Download a Visio file of this architecture.

Workflow

  1. Azure Event Hubs, Azure Data Factory, or both services receive documents or unstructured text data.
  2. Event Hubs and Data Factory store the data in file format in Azure Data Lake Storage. We recommend that you set up a directory structure that complies with business requirements.
  3. The Azure Computer Vision API uses its optical character recognition (OCR) capability to consume the data. The API then writes the data to the bronze layer. This consumption platform uses a lakehouse architecture.
  4. In the bronze layer, various Spark NLP features preprocess the text. Examples include splitting, correcting spelling, cleaning, and understanding grammar. We recommend running document classification at the bronze layer and then writing the results to the silver layer.
  5. In the silver layer, advanced Spark NLP features perform document analysis tasks like named entity recognition, summarization, and information retrieval. In some architectures, the outcome is written to the gold layer.
  6. In the gold layer, Spark NLP runs various linguistic visual analyses on the text data. These analyses provide insight into language dependencies and help with the visualization of NER labels.
  7. Users query the gold layer text data as a data frame and view the results in Power BI or web apps.

During the processing steps, Azure Databricks, Azure Synapse Analytics, and Azure HDInsight are used with Spark NLP to provide NLP functionality.

Components

  • Data Lake Storage is a Hadoop-compatible file system that has an integrated hierarchical namespace and the massive scale and economy of Azure Blob Storage.
  • Azure Synapse Analytics is an analytics service for data warehouses and big data systems.
  • Azure Databricks is an analytics service for big data that's easy to use, facilitates collaboration, and is based on Apache Spark. Azure Databricks is designed for data science and data engineering.
  • Event Hubs ingests data streams that client applications generate. Event Hubs stores the streaming data and preserves the sequence of received events. Consumers can connect to hub endpoints to retrieve messages for processing. Event Hubs integrates with Data Lake Storage, as this solution shows.
  • Azure HDInsight is a managed, full-spectrum, open-source analytics service in the cloud for enterprises. You can use open-source frameworks with Azure HDInsight, such as Hadoop, Apache Spark, Apache Hive, LLAP, Apache Kafka, Apache Storm, and R.
  • Data Factory automatically moves data between storage accounts of differing security levels to ensure separation of duties.
  • Computer Vision uses text recognition APIs to recognize text in images and extract that information.

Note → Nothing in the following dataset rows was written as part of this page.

lemma less_null_root:
  assumes \<beta>: "\<beta> \<in> pos_roots R S" and "0 < n"
  shows "strictly le (- \<beta>, n) null_root"
proof -
  have x: "(- \<beta>, n) \<in> Pos" using real_pos_rootI(2)[OF assms] by (rule real_pos_root_pos)
  have "(- \<beta>, n) \<notin> {(\<beta>, n) | \<beta> n. \<beta> \<in> pos_roots R S \<and> 0 \<le> n}"
    using pos_root_uminus[OF \<beta>] by auto
  then have "\<not> strictly le null_root (- \<beta>, n)"
    using balanced real_pos_rootI(2)[OF assms] unfolding balanced_def by blast
  moreover have "\<not> proportional null_root (- \<beta>, n)"
    using pos_root_nonzero[OF \<beta>] unfolding proportional_def null_root_def by auto
  ultimately show ?thesis
    using le_total[OF x null_root_pos] le_antisym_iff[OF null_root_pos x]
    unfolding strictly_def by blast
qed

lemma real_if_above_null_root: "x \<in> Pos \<Longrightarrow> strictly le null_root x \<Longrightarrow> x \<in> RePos"
  using aff_pos_root_real_or_imaginary imaginary_equiv_null_root unfolding strictly_def by blast

lemma real_if_below_null_root: "x \<in> Pos \<Longrightarrow> strictly le x null_root \<Longrightarrow> x \<in> RePos"
  using aff_pos_root_real_or_imaginary imaginary_equiv_null_root unfolding strictly_def by blast

lemma split_pair_pos: "splits \<rho> \<beta> \<gamma> \<Longrightarrow> \<beta> \<in> Pos \<and> \<gamma> \<in> Pos"
  unfolding split_pair_def by blast

lemma finite_split_pairs: "finite {(\<beta>, \<gamma>). splits \<rho> \<beta> \<gamma>}"
proof -
  let ?complement = "\<lambda>\<beta>. (\<beta>, (fst \<rho> - fst \<beta>, snd \<rho> - snd \<beta>))"
  have "{(\<beta>, \<gamma>). splits \<rho> \<beta> \<gamma>} \<subseteq> ?complement ` (insert 0 R \<times> {0..snd \<rho>})"
  proof clarify
    fix \<beta> \<gamma> assume s: "splits \<rho> \<beta> \<gamma>"
    then have \<beta>: "\<beta> \<in> Pos" and \<gamma>: "\<gamma> \<in> Pos" by (auto dest: split_pair_pos)
    have sum: "fst \<beta> + fst \<gamma> = fst \<rho>" "snd \<beta> + snd \<gamma> = snd \<rho>"
      using s unfolding split_pair_def aff_add_def by auto
    have "fst \<beta> \<in> insert 0 R"
      using \<beta> by (cases rule: aff_pos_rootE) (auto intro: pos_root_root root_uminus)
    moreover have "snd \<beta> \<in> {0..snd \<rho>}"
      using sum aff_pos_root_level_nonneg[OF \<beta>] aff_pos_root_level_nonneg[OF \<gamma>] by auto
    moreover have "\<gamma> = (fst \<rho> - fst \<beta>, snd \<rho> - snd \<beta>)"
      using sum by (auto simp: prod_eq_iff eq_diff_eq add.commute)
    ultimately show "(\<beta>, \<gamma>) \<in> ?complement ` (insert 0 R \<times> {0..snd \<rho>})"
      by (auto intro!: image_eqI[of _ _ \<beta>] simp: mem_Times_iff)
  qed
  then show ?thesis by (rule finite_subset) (simp add: finite_roots)
qed

text \<open>If \<open>\<beta>' = c\<beta>\<close> and \<open>\<gamma>' = d\<gamma>\<close> with \<open>c \<noteq> 1\<close>, comparing \<open>\<beta> + \<gamma> = \<beta>' + \<gamma>'\<close> makes \<open>\<beta>\<close> and \<open>\<gamma>\<close>
  proportional, contradicting \<open>\<gamma> \<prec> \<beta>\<close>.\<close>

lemma split_pair_eq_if_proportional:
  assumes s: "splits \<rho> \<beta> \<gamma>" and s': "splits \<rho> \<beta>' \<gamma>'"
    and "proportional \<beta> \<beta>'" and "proportional \<gamma> \<gamma>'"
  shows "\<beta>' = \<beta> \<and> \<gamma>' = \<gamma>"
proof -
  obtain c where c: "c \<noteq> 0" "fst \<beta>' = c *\<^sub>R fst \<beta>"
      "real_of_int (snd \<beta>') = c * real_of_int (snd \<beta>)"
    using \<open>proportional \<beta> \<beta>'\<close> unfolding proportional_def by blast
  obtain d where d: "fst \<gamma>' = d *\<^sub>R fst \<gamma>" "real_of_int (snd \<gamma>') = d * real_of_int (snd \<gamma>)"
    using \<open>proportional \<gamma> \<gamma>'\<close> unfolding proportional_def by blast
  have fst_sum: "fst \<beta> + fst \<gamma> = fst \<beta>' + fst \<gamma>'" and snd_sum: "snd \<beta> + snd \<gamma> = snd \<beta>' + snd \<gamma>'"
    using s s' unfolding split_pair_def aff_add_def by (auto simp: prod_eq_iff)
  show ?thesis
  proof (cases "c = 1")
    case True
    then show ?thesis using c fst_sum snd_sum by (auto simp: prod_eq_iff)
  next
    case False
    define k where "k = (d - 1) / (1 - c)"
    have "(1 - c) *\<^sub>R fst \<beta> = (d - 1) *\<^sub>R fst \<gamma>"
      using fst_sum c(2) d(1) by (simp add: algebra_simps)
    then have "(1 / (1 - c)) *\<^sub>R ((1 - c) *\<^sub>R fst \<beta>) = (1 / (1 - c)) *\<^sub>R ((d - 1) *\<^sub>R fst \<gamma>)"
      by simp
    then have fst_\<beta>: "fst \<beta> = k *\<^sub>R fst \<gamma>" using False unfolding k_def by simp
    have "(1 - c) * real_of_int (snd \<beta>) = (d - 1) * real_of_int (snd \<gamma>)"
      using arg_cong[OF snd_sum, of real_of_int] c(3) d(2) by (simp add: algebra_simps)
    then have snd_\<beta>: "real_of_int (snd \<beta>) = k * real_of_int (snd \<gamma>)"
      using False unfolding k_def by (simp add: field_simps)
    have \<beta>: "\<beta> \<in> Pos" and \<gamma>: "\<gamma> \<in> Pos" using split_pair_pos[OF s] by auto
    have "k \<noteq> 0" using fst_\<beta> snd_\<beta> aff_pos_root_nonzero[OF \<beta>] by (auto simp: prod_eq_iff)
    then have "proportional \<gamma> \<beta>" unfolding proportional_def using fst_\<beta> snd_\<beta> by blast
    then have "le \<beta> \<gamma>" using le_antisym_iff[OF \<gamma> \<beta>] by blast
    then show ?thesis using s unfolding split_pair_def strictly_def by blast
  qed
qed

The Read API uses the latest recognition models, and is optimized for large, text-heavy documents and noisy images. The OCR API isn't optimized for large documents but supports more languages than the Read API. This solution uses OCR to produce data in the hOCR format.

Scenario details

Natural language processing (NLP) has many uses: sentiment analysis, topic detection, language detection, key phrase extraction, and document categorization.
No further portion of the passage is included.